А посреди всего этого Лазаря приветствовал огромный муж в золоченом панцире с резными пластинами; из-под него выступали края одежд, красных будто кровь. На голове у человека был шишак с опадающим на лицо забралом, что плотно прикрывало его — так, что виднелись лишь два пятна вместо глаз. Рядом с ним стоял хунгур с голой, бритой, остроконечной головой, очень бледный — почти белый и с нагайкой в руке.

Перед ним стояли на коленях полдюжины лендийских воинов. Рыцари, жупаны, кастеляны. Королевский войсковой Ольдрих, раненный в бок и левую руку, что бессильно висела. Вскочил, увидев короля, но, оттолкнутый хунгурским гвардейцем, опять упал на колени.

Мужчина в желтом доспехе показал Лазарю нечто темное, большое, то, что лежало на мертвецких носилках, на шкурах и шапках, обрызганное кровью.
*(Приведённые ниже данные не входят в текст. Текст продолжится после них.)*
(* Let $n$ be a positive integer and let $\log n/n \ll p = p(n) \le 1$. Let $\varepsilon > 0$ be an (arbitrarily small) constant, let $c > 0$ be a constant, and let $D = (V,E) \in \mathcal{D}(n,p)$. For a set $Y \subseteq V$, let $B_Y$ denote the set of all vertices $u \in V \setminus Y$ for which $|\deg^+_D(u,Y) - |Y|p| \ge \varepsilon |Y| p$ or $|\deg^-_D(u,Y) - |Y|p| \ge \varepsilon |Y| p$. Let $b = \max\{|B_Y| : Y \subseteq V,\ |Y| \ge cn\}$. Then a.a.s. $b \le p^{-1}\log n$.
   Context: $\mathcal{D}(n,p)$ is the random digraph on $[n]$ where each ordered pair $(u,v)$, $u\ne v$, is an arc independently with probability $p$. $\deg^+_D(u,Y)$ is the number of $y \in Y$ with $(u,y)$ an arc, $\deg^-_D(u,Y)$ the number of $y\in Y$ with $(y,u)$ an arc. a.a.s. means with probability tending to $1$ as $n\to\infty$; $f \ll g$ means $f/g \to 0$; $\log$ is natural. *)

theory Defs
  imports "HOL-Analysis.Analysis" "HOL-Library.Landau_Symbols"
begin

definition possible_arcs :: "nat \<Rightarrow> (nat \<times> nat) set" where
  "possible_arcs n = {(u,v). u < n \<and> v < n \<and> u \<noteq> v}"

definition dnp_weight :: "nat \<Rightarrow> real \<Rightarrow> (nat \<times> nat) set \<Rightarrow> real" where
  "dnp_weight n p E = p ^ card E * (1 - p) ^ (card (possible_arcs n) - card E)"

text \<open>Probability that the random digraph D(n,p) (given by its arc set) has property P.\<close>
definition dnp_prob :: "nat \<Rightarrow> real \<Rightarrow> ((nat \<times> nat) set \<Rightarrow> bool) \<Rightarrow> real" where
  "dnp_prob n p P = (\<Sum>E \<in> {E. E \<subseteq> possible_arcs n \<and> P E}. dnp_weight n p E)"

definition out_deg :: "(nat \<times> nat) set \<Rightarrow> nat \<Rightarrow> nat set \<Rightarrow> nat" where
  "out_deg E u Y = card {y \<in> Y. (u, y) \<in> E}"

definition in_deg :: "(nat \<times> nat) set \<Rightarrow> nat \<Rightarrow> nat set \<Rightarrow> nat" where
  "in_deg E u Y = card {y \<in> Y. (y, u) \<in> E}"

definition bad_set :: "nat \<Rightarrow> real \<Rightarrow> real \<Rightarrow> (nat \<times> nat) set \<Rightarrow> nat set \<Rightarrow> nat set" where
  "bad_set n p \<epsilon> E Y = {u \<in> {..<n} - Y.
      \<bar>real (out_deg E u Y) - real (card Y) * p\<bar> \<ge> \<epsilon> * real (card Y) * p \<or>
      \<bar>real (in_deg E u Y) - real (card Y) * p\<bar> \<ge> \<epsilon> * real (card Y) * p}"

end

theory Submission
  imports Defs "HOL-Library.FuncSet"
begin

text \<open>Fix \<open>Y\<close> with \<open>|Y| \<ge> cn\<close>. The out- and in-degree of a vertex \<open>u \<notin> Y\<close> into \<open>Y\<close> are
  \<open>Bin(|Y|, p)\<close> variables, and different vertices \<open>u\<close> read disjoint sets of arcs. Hence, for
  \<open>k\<close> vertices outside \<open>Y\<close> and a prescribed degree (out or in) and direction of deviation for
  each, the probability that all of them deviate by \<open>e |Y| p\<close> factorises, and the exponential
  moment method bounds it by \<open>exp (-e\<^sup>2 c n p / 4)\<^sup>k\<close>. A union bound over the \<open>2\<^sup>n\<close> sets \<open>Y\<close>,
  the at most \<open>n\<^sup>k\<close> sets of \<open>k\<close> vertices and the \<open>4\<^sup>k\<close> patterns gives
  \<open>P(b \<ge> k) \<le> 2\<^sup>n (4 n exp (-e\<^sup>2 c n p / 4))\<^sup>k\<close>, which for \<open>k > log n / p\<close> is at most \<open>exp (-n)\<close>
  because \<open>log n = o(np)\<close>.\<close>

definition bernoulli_weight :: "'a set \<Rightarrow> real \<Rightarrow> 'a set \<Rightarrow> real" where
  "bernoulli_weight N p E = (\<Prod>a\<in>E. p) * (\<Prod>a\<in>N - E. 1 - p)"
Хунгур — уже труп, но огромный, будто великан, мрачный, мощный, враждебный.

И мертвый — с бледным, пожелтевшим лицом. С руками, гордо сложенными на груди, хотя высокомерие, что правило им при жизни, улетучилось вместе с душой.
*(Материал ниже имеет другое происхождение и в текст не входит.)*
lemma \<alpha>_tensor_well_defined:
  assumes "teq2 sA sB xs xs'"
  shows "teq2 sA sB (\<alpha>_tensor xs) (\<alpha>_tensor xs')"
  unfolding teq2_iff_pair_sum
proof (intro allI impI)
  fix \<phi> assume \<phi>: "bilin sA sB (*) \<phi>"
  have "bilin sA sB (*) (\<lambda>x y. \<phi> (\<alpha>A x) (\<alpha>B y))"
    unfolding bilin_def lin_def
    by (simp add: linear_simps bilin_apply_left[OF \<phi>] bilin_apply_right[OF \<phi>])
  with assms show "pair_sum \<phi> (\<alpha>_tensor xs) = pair_sum \<phi> (\<alpha>_tensor xs')"
    by (simp add: teq2_pair_sum_eq)
qed

lemma \<alpha>_tensor_mult_R: "teq2 sA sB (\<alpha>_tensor (mult_R xs ys)) (mult_R (\<alpha>_tensor xs) (\<alpha>_tensor ys))"
  unfolding teq2_iff_pair_sum
proof (intro allI impI)
  fix \<phi> assume \<phi>: "bilin sA sB (*) \<phi>"
  have "bilin sA sB (*) (\<lambda>x y. \<phi> (mA (\<alpha>A a) x) (mB y (\<alpha>B b')))" for a b'
    unfolding bilin_def lin_def
    by (simp add: linear_simps bilin_apply_left[OF \<phi>] bilin_apply_right[OF \<phi>])
  then show "pair_sum \<phi> (\<alpha>_tensor (mult_R xs ys)) = pair_sum \<phi> (mult_R (\<alpha>_tensor xs) (\<alpha>_tensor ys))"
    by (simp add: pair_sum_twisted_mult pair_sum_R_\<alpha>)
qed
Лазарь глядел остолбенев, поскольку ничего не понимал. Ему помог вражеский вождь, говорил по-своему, но его бледный слуга все переводил.

— Се, Лазарь, ты видишь, — в голосе хунгура чувствовались не только печаль и сожаление, но и спокойствие, — моего отца на смертном одре, кагана всех орд, Горана Уст Дуума. Как ты смел покуситься на его голову? Как мог столь нагло посягнуть на честь великого мужа во время битвы?!
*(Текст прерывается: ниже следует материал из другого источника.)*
(* Let $0 < \epsilon < 1/20$. Then for all sufficiently large $n$ (depending on $\epsilon$), writing $G = (\mathbb{Z}/2\mathbb{Z})^n$ and $N = 2^n$, there is a function $f : G \to [0,1]$ such that every subgroup $H \leq G$ which is $\epsilon$-regular for $f$ satisfies $|G/H| \geq W\!\left(\tfrac12\log_2(1/\epsilon) - 5\right)$.
   Context: For a subgroup $H \leq G$ and $g \in G$ define $f_H^{+g} : H \to [0,1]$ by $f_H^{+g}(x) = f(x+g)$. An element $g \in G$ is an $\epsilon$-regular value for $f$ (with respect to $H$) if $\left|\sum_{x \in H} f_H^{+g}(x)\chi(x)\right| \leq \epsilon|H|$ for every nontrivial character $\chi$ of $H$. $H$ is $\epsilon$-regular for $f$ if the number of $g \in G$ which are not $\epsilon$-regular values is at most $\epsilon N$. $W(t)$ is a tower of twos of height $\lceil t\rceil$: $W(t) = w_{\max(\lceil t\rceil,0)}$ where $w_0 = 1$, $w_{h+1} = 2^{w_h}$. *)

theory Defs
  imports Complex_Main
begin

text \<open>The group G = (Z/2Z)^n is modelled as the subsets of {0..<n}
  (an element is the support of its 0/1 coordinate vector); the group
  operation is symmetric difference, with neutral element the empty set.\<close>

definition cube :: "nat \<Rightarrow> nat set set" where
  "cube n = Pow {0..<n}"

definition gadd :: "nat set \<Rightarrow> nat set \<Rightarrow> nat set" where
  "gadd x y = (x - y) \<union> (y - x)"

definition is_subgroup :: "nat \<Rightarrow> nat set set \<Rightarrow> bool" where
  "is_subgroup n H \<longleftrightarrow> H \<subseteq> cube n \<and> {} \<in> H \<and>
     (\<forall>x\<in>H. \<forall>y\<in>H. gadd x y \<in> H)"

definition is_character :: "nat set set \<Rightarrow> (nat set \<Rightarrow> complex) \<Rightarrow> bool" where
  "is_character H \<chi> \<longleftrightarrow> (\<forall>x\<in>H. \<chi> x \<noteq> 0) \<and>
     (\<forall>x\<in>H. \<forall>y\<in>H. \<chi> (gadd x y) = \<chi> x * \<chi> y)"

definition nontrivial_character :: "nat set set \<Rightarrow> (nat set \<Rightarrow> complex) \<Rightarrow> bool" where
  "nontrivial_character H \<chi> \<longleftrightarrow> is_character H \<chi> \<and> (\<exists>x\<in>H. \<chi> x \<noteq> 1)"

definition regular_value ::
  "nat set set \<Rightarrow> (nat set \<Rightarrow> real) \<Rightarrow> real \<Rightarrow> nat set \<Rightarrow> bool" where
  "regular_value H f \<epsilon> g \<longleftrightarrow>
     (\<forall>\<chi>. nontrivial_character H \<chi> \<longrightarrow>
        cmod (\<Sum>x\<in>H. complex_of_real (f (gadd x g)) * \<chi> x) \<le> \<epsilon> * real (card H))"

definition regular_subgroup ::
  "nat \<Rightarrow> nat set set \<Rightarrow> (nat set \<Rightarrow> real) \<Rightarrow> real \<Rightarrow> bool" where
  "regular_subgroup n H f \<epsilon> \<longleftrightarrow>
     real (card {g \<in> cube n. \<not> regular_value H f \<epsilon> g}) \<le> \<epsilon> * 2 ^ n"

fun tower :: "nat \<Rightarrow> nat" where
  "tower 0 = 1"
| "tower (Suc h) = 2 ^ tower h"

definition W :: "real \<Rightarrow> nat" where
  "W t = tower (nat \<lceil>t\<rceil>)"

end

theory Submission
  imports Defs
begin

(* Cut the coordinates into consecutive blocks [D l, D (l+1)), block l having about 2^(D l) / 4
   coordinates, so that D l grows like a tower of twos.  Let f be the sum of 4^-(l+1) f_l, where
   f_l x is the parity of x on a subset of block l chosen, through a binary linear code of
   relative distance 1/16, by the coordinates of x below D l.  Let H be a subgroup vanishing below
   D i and containing some h with a coordinate in block i.  For at least 1/16 of all g the set
   chosen by g meets h in an odd number of points, and then the corresponding character of H
   detects a Fourier coefficient of size about 4^-i |H| of f on g + H: the f_l with l < i are
   constant there, f_i correlates perfectly with the character, and the f_l with l > i are too
   small to cancel it.  So an eps-regular subgroup vanishes below D s, with s about log_4 (1/eps),
   and its index is at least 2^(D s). *)

section \<open>Walsh characters\<close>

lemma card_gadd:
  assumes "finite A" "finite B"
  shows "card (gadd A B) + 2 * card (A \<inter> B) = card A + card B"
proof -
  have "A \<union> B = gadd A B \<union> (A \<inter> B)" "gadd A B \<inter> (A \<inter> B) = {}"
    by (auto simp: gadd_def)
  then have "card (A \<union> B) = card (gadd A B) + card (A \<inter> B)"
    using assms by (simp add: card_Un_disjoint gadd_def)
  then show ?thesis
    using card_Un_Int[OF assms] by simp
qed

lemma gadd_Int_eq_if_disjoint: "x \<inter> S = {} \<Longrightarrow> gadd x g \<inter> S = g \<inter> S"
  by (auto simp: gadd_def)

lemma gadd_cancel: "gadd (gadd x h) h = x"
  by (auto simp: gadd_def)

definition walsh :: "nat set \<Rightarrow> nat set \<Rightarrow> real" where
  "walsh T x = (if odd (card (x \<inter> T)) then -1 else 1)"

lemma walsh_cong: "x \<inter> T = y \<inter> T \<Longrightarrow> walsh T x = walsh T y"
  by (simp add: walsh_def)

lemma walsh_abs [simp]: "\<bar>walsh T x\<bar> = 1"
  by (simp add: walsh_def)

lemma walsh_mult_self [simp]: "walsh T x * walsh T x = 1"
  by (simp add: walsh_def)

lemma walsh_gadd:
  assumes "finite T"
  shows "walsh T (gadd x y) = walsh T x * walsh T y"
proof -
  have "gadd x y \<inter> T = gadd (x \<inter> T) (y \<inter> T)"
    by (auto simp: gadd_def)
  then have "card (gadd x y \<inter> T) + 2 * card ((x \<inter> T) \<inter> (y \<inter> T)) = card (x \<inter> T) + card (y \<inter> T)"
    using card_gadd[of "x \<inter> T" "y \<inter> T"] assms by simp
  then have "odd (card (gadd x y \<inter> T)) \<longleftrightarrow> odd (card (x \<inter> T)) \<noteq> odd (card (y \<inter> T))"
    by presburger
  then show ?thesis
    by (auto simp: walsh_def)
qed

lemma subgroup_finite: "is_subgroup n H \<Longrightarrow> finite H"
  unfolding is_subgroup_def cube_def by (meson finite_Pow_iff finite_atLeastLessThan finite_subset)

lemma subgroup_card_pos: "is_subgroup n H \<Longrightarrow> 0 < card H"
  using subgroup_finite[of n H] by (auto simp: is_subgroup_def card_gt_0_iff)

lemma sum_walsh_subgroup:
  assumes H: "is_subgroup n H" and "h \<in> H" "walsh T h = -1" "finite T"
  shows "(\<Sum>x\<in>H. walsh T x) = 0"
proof -
  have "(\<Sum>x\<in>H. walsh T x) = (\<Sum>x\<in>H. walsh T (gadd x h))"
    using H \<open>h \<in> H\<close> unfolding is_subgroup_def
    by (intro sum.reindex_bij_witness[of _ "\<lambda>x. gadd x h" "\<lambda>x. gadd x h"]) (auto simp: gadd_cancel)
  also have "\<dots> = - (\<Sum>x\<in>H. walsh T x)"
    using assms by (simp add: walsh_gadd sum_negf)
  finally show ?thesis
    by simp
qed

lemma regular_value_walsh:
  assumes "regular_value H f \<epsilon> g" "finite T" "h \<in> H" "walsh T h = -1"
  shows "\<bar>\<Sum>x\<in>H. f (gadd x g) * walsh T x\<bar> \<le> \<epsilon> * card H"
proof -
  have "nontrivial_character H (\<lambda>x. complex_of_real (walsh T x))"
    unfolding nontrivial_character_def is_character_def
  proof (intro conjI ballI bexI[of _ h])
    show "complex_of_real (walsh T x) \<noteq> 0" for x
      by (simp add: walsh_def)
  qed (use assms(2-4) in \<open>simp_all add: walsh_gadd\<close>)
  then have "cmod (\<Sum>x\<in>H. complex_of_real (f (gadd x g)) * complex_of_real (walsh T x)) \<le> \<epsilon> * card H"
    using assms(1) unfolding regular_value_def by blast
  then show ?thesis
    by (simp flip: of_real_mult of_real_sum)
qed

section \<open>Binary codes from the greedy construction\<close>

text \<open>The columns of \<open>c\<close> span a binary linear code of length \<open>card A\<close> and minimum distance
  at least \<open>k\<close>.\<close>

definition parity_code :: "'a set \<Rightarrow> nat \<Rightarrow> nat \<Rightarrow> ('a \<Rightarrow> nat set) \<Rightarrow> bool" where
  "parity_code A m k c \<longleftrightarrow> (\<forall>a. c a \<subseteq> {0..<m}) \<and>
     (\<forall>v\<subseteq>{0..<m}. v \<noteq> {} \<longrightarrow> k \<le> card {a\<in>A. odd (card (v \<inter> c a))})"

lemma exists_far_subset:
  assumes "finite A" "F \<subseteq> Pow A"
    and "card F * card {z. z \<subseteq> A \<and> card z < k} < 2 ^ card A"
  shows "\<exists>u\<subseteq>A. \<forall>w\<in>F. k \<le> card (sym_diff w u)"
proof -
  let ?B = "{z. z \<subseteq> A \<and> card z < k}"
  let ?near = "{u. u \<subseteq> A \<and> (\<exists>w\<in>F. card (sym_diff w u) < k)}"
  have "finite (Pow A)"
    using assms(1) by simp
  then have fin: "finite F" "finite ?B" "finite ?near"
    using assms(2) by (auto intro: finite_subset[of _ "Pow A"])
  have "?near \<subseteq> (\<Union>w\<in>F. sym_diff w ` ?B)"
  proof
    fix u assume "u \<in> ?near"
    then obtain w where "u \<subseteq> A" "w \<in> F" "card (sym_diff w u) < k"
      by blast
    moreover have "u = sym_diff w (sym_diff w u)"
      by auto
    moreover have "sym_diff w u \<subseteq> A"
      using \<open>u \<subseteq> A\<close> \<open>w \<in> F\<close> assms(2) by auto
    ultimately show "u \<in> (\<Union>w\<in>F. sym_diff w ` ?B)"
      by blast
  qed
  then have "card ?near \<le> card (\<Union>w\<in>F. sym_diff w ` ?B)"
    using fin by (intro card_mono) auto
  also have "\<dots> \<le> (\<Sum>w\<in>F. card (sym_diff w ` ?B))"
    by (rule card_UN_le) (rule fin)
  also have "\<dots> \<le> (\<Sum>w\<in>F. card ?B)"
    by (intro sum_mono card_image_le fin)
  also have "\<dots> < card (Pow A)"
    using assms(1,3) by (simp add: card_Pow)
  finally have "\<not> Pow A \<subseteq> ?near"
    using card_mono[OF fin(3)] by (meson not_le)
  then show ?thesis
    by (auto simp: not_less)
qed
Лазарь молчал. Просто не находил слов. И тогда тихо заговорил Ольдрих.

— Мой господин и король. Отвечай кагану. Голова — не вербовый пень, второй раз не отрастет.

— Больше меня удивляет, — сказал король, — что твой отец, каган, посмел напасть на королевство Лендии.

— Вот, смотри! — рявкнул хунгур, ступил чуть ниже, указывая на нечто лежащее в траве, презрительно пиная это сапогом; и то, что он пнул, претерпевало такую судьбу, переворачиваемое с боку на бок, уже давно, с полудня, а может, и с самого утра.

Было это окровавленное, смятое будто тряпка, тело худощавого мужчины с седоватой бородой. Лазарь узнал лицо — Милош из Дружицы. Муж и рыцарь. Порой объект насмешек на пирах и герой рассказов, которыми веселил короля придворный шут в Старой Гнездице и которые громко вещал, будучи пьян, Ворштил.

— Прости мне, Милош, — беззвучно прошептал король.

Взглянул хунгуру прямо в лицо, в его мрачные глаза, где не мог найти ничего человеческого.

— Я не знал… Но скажу тебе, каган, что, подготовь это я… ты тоже лежал бы здесь, на втором одре.

— Кланяйся мне, Лазарь! Преклони колени на трупе слуги. Ты проиграл королевство, власть и армию. Где твои воины и рабы? Отдай мне честь, и я позволю тебе служить мне вместе с остатками твоего народа.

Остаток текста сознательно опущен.